lemma tanh_mult_le:
  fixes c a :: real
  assumes "1 \<le> c" "0 \<le> a"
  shows "tanh (c * a) \<le> c * tanh a"
proof -
  have "(\<lambda>x. c * tanh x - tanh (c * x)) 0 \<le> (\<lambda>x. c * tanh x - tanh (c * x)) a"
  proof (rule DERIV_nonneg_imp_nondecreasing[OF assms(2)])
    fix x :: real assume "0 \<le> x"
    then have "tanh x \<le> tanh (c * x)" "0 \<le> tanh x"
      using assms by (simp_all add: mult_right_mono[of 1 c x, simplified])
    then have "tanh x ^ 2 \<le> tanh (c * x) ^ 2"
      by (rule power_mono)
    then have "c * (1 - tanh x ^ 2) - (1 - tanh (c * x) ^ 2) * c \<ge> 0"
      using assms by (simp add: algebra_simps)
    moreover have "DERIV (\<lambda>x. c * tanh x - tanh (c * x)) x
        :> c * (1 - tanh x ^ 2) - (1 - tanh (c * x) ^ 2) * c"
      by (auto intro!: derivative_eq_intros)
    ultimately show "\<exists>y. DERIV (\<lambda>x. c * tanh x - tanh (c * x)) x :> y \<and> y \<ge> 0"
      by blast
  qed
  then show ?thesis
    by simp
qed

lemma lipschitz_on_tanh_mult_artanh:
  fixes C :: real
  assumes "1 \<le> C"
  shows "C-lipschitz_on {0..<1} (\<lambda>t. tanh (C * artanh t))"
proof (rule lipschitz_on_real_derivative_bound
    [where f' = "\<lambda>t. (1 - tanh (C * artanh t) ^ 2) * (C * (1 / (1 - t ^ 2)))"])
  fix t :: real assume "t \<in> {0..<1}"
  then have t: "\<bar>t\<bar> < 1" "0 \<le> t" and "0 \<le> artanh t"
    by (auto intro: artanh_nonneg)
  then have "t \<le> tanh (C * artanh t)"
    using assms tanh_artanh_real[OF t(1)] tanh_real_le_iff[of "artanh t" "C * artanh t"]
    by (simp add: mult_right_mono[of 1 C "artanh t", simplified])
  then have "1 - tanh (C * artanh t) ^ 2 \<le> 1 - t ^ 2"
    using t by (simp add: power_mono)
  moreover have "0 < 1 - t ^ 2" "0 < 1 - tanh (C * artanh t) ^ 2"
    using t tanh_real_bounds[of "C * artanh t"] by (simp_all add: abs_square_less_1 abs_less_iff)
  ultimately have q: "0 \<le> (1 - tanh (C * artanh t) ^ 2) / (1 - t ^ 2)"
      "(1 - tanh (C * artanh t) ^ 2) / (1 - t ^ 2) \<le> 1"
    by simp_all
  moreover have "\<bar>C * q\<bar> \<le> C" if "0 \<le> q" "q \<le> 1" for q
    using that assms mult_left_le[of q C] by (subst abs_of_nonneg) auto
  ultimately have "\<bar>C * ((1 - tanh (C * artanh t) ^ 2) / (1 - t ^ 2))\<bar> \<le> C"
    by blast
  then show "\<bar>(1 - tanh (C * artanh t) ^ 2) * (C * (1 / (1 - t ^ 2)))\<bar> \<le> C"
    by (simp add: mult.commute)
  show "((\<lambda>t. tanh (C * artanh t)) has_real_derivative
      (1 - tanh (C * artanh t) ^ 2) * (C * (1 / (1 - t ^ 2)))) (at t within {0..<1})"
    using t by (auto intro!: derivative_eq_intros)
qed (use assms in auto)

=======

- **YOUR GOAL**:
Write out, from the lines above, only those from the line with "fixes C :: real" to the line with "by (simp add: mult.commute)", exactly as given, including the first and the last.

- **YOUR RESPONSE**:
  fixes C :: real
  assumes "1 \<le> C"
  shows "C-lipschitz_on {0..<1} (\<lambda>t. tanh (C * artanh t))"
proof (rule lipschitz_on_real_derivative_bound
    [where f' = "\<lambda>t. (1 - tanh (C * artanh t) ^ 2) * (C * (1 / (1 - t ^ 2)))"])
  fix t :: real assume "t \<in> {0..<1}"
  then have t: "\<bar>t\<bar> < 1" "0 \<le> t" and "0 \<le> artanh t"
    by (auto intro: artanh_nonneg)
  then have "t \<le> tanh (C * artanh t)"
    using assms tanh_artanh_real[OF t(1)] tanh_real_le_iff[of "artanh t" "C * artanh t"]
    by (simp add: mult_right_mono[of 1 C "artanh t", simplified])
  then have "1 - tanh (C * artanh t) ^ 2 \<le> 1 - t ^ 2"
    using t by (simp add: power_mono)
  moreover have "0 < 1 - t ^ 2" "0 < 1 - tanh (C * artanh t) ^ 2"
    using t tanh_real_bounds[of "C * artanh t"] by (simp_all add: abs_square_less_1 abs_less_iff)
  ultimately have q: "0 \<le> (1 - tanh (C * artanh t) ^ 2) / (1 - t ^ 2)"
      "(1 - tanh (C * artanh t) ^ 2) / (1 - t ^ 2) \<le> 1"
    by simp_all
  moreover have "\<bar>C * q\<bar> \<le> C" if "0 \<le> q" "q \<le> 1" for q
    using that assms mult_left_le[of q C] by (subst abs_of_nonneg) auto
  ultimately have "\<bar>C * ((1 - tanh (C * artanh t) ^ 2) / (1 - t ^ 2))\<bar> \<le> C"
    by blast
  then show "\<bar>(1 - tanh (C * artanh t) ^ 2) * (C * (1 / (1 - t ^ 2)))\<bar> \<le> C"
    by (simp add: mult.commute)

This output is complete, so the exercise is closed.